* To do
From the data below, retype exactly the lines starting with the one that contains "theory Submission" and ending with the one that contains "any prescribed vector.\<close>", both included.

======== Materials provided ========

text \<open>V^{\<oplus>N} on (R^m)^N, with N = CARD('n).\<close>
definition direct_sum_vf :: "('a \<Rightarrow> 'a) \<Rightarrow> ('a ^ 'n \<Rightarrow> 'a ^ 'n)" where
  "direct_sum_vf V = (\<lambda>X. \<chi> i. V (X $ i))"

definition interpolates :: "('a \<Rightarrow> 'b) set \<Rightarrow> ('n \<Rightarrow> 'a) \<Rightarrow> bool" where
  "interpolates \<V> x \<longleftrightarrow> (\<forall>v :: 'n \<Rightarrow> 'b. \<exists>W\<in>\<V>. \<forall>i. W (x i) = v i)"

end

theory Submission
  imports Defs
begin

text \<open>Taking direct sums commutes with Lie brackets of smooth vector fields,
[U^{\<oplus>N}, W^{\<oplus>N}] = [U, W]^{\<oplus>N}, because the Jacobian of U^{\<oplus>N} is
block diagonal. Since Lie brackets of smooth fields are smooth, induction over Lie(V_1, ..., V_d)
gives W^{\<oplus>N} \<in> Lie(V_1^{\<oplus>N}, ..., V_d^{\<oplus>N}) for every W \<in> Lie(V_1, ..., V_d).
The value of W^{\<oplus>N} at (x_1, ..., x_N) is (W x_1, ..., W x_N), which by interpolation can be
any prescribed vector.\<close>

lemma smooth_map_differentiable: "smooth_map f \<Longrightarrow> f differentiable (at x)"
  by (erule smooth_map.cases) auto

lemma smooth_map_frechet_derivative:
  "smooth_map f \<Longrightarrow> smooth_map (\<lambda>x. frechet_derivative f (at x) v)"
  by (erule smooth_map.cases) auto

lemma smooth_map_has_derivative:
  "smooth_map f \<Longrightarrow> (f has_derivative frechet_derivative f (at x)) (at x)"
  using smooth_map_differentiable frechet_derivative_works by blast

========

* Solved exercise
theory Submission
  imports Defs
begin

text \<open>Taking direct sums commutes with Lie brackets of smooth vector fields,
[U^{\<oplus>N}, W^{\<oplus>N}] = [U, W]^{\<oplus>N}, because the Jacobian of U^{\<oplus>N} is
block diagonal. Since Lie brackets of smooth fields are smooth, induction over Lie(V_1, ..., V_d)
gives W^{\<oplus>N} \<in> Lie(V_1^{\<oplus>N}, ..., V_d^{\<oplus>N}) for every W \<in> Lie(V_1, ..., V_d).
The value of W^{\<oplus>N} at (x_1, ..., x_N) is (W x_1, ..., W x_N), which by interpolation can be
any prescribed vector.\<close>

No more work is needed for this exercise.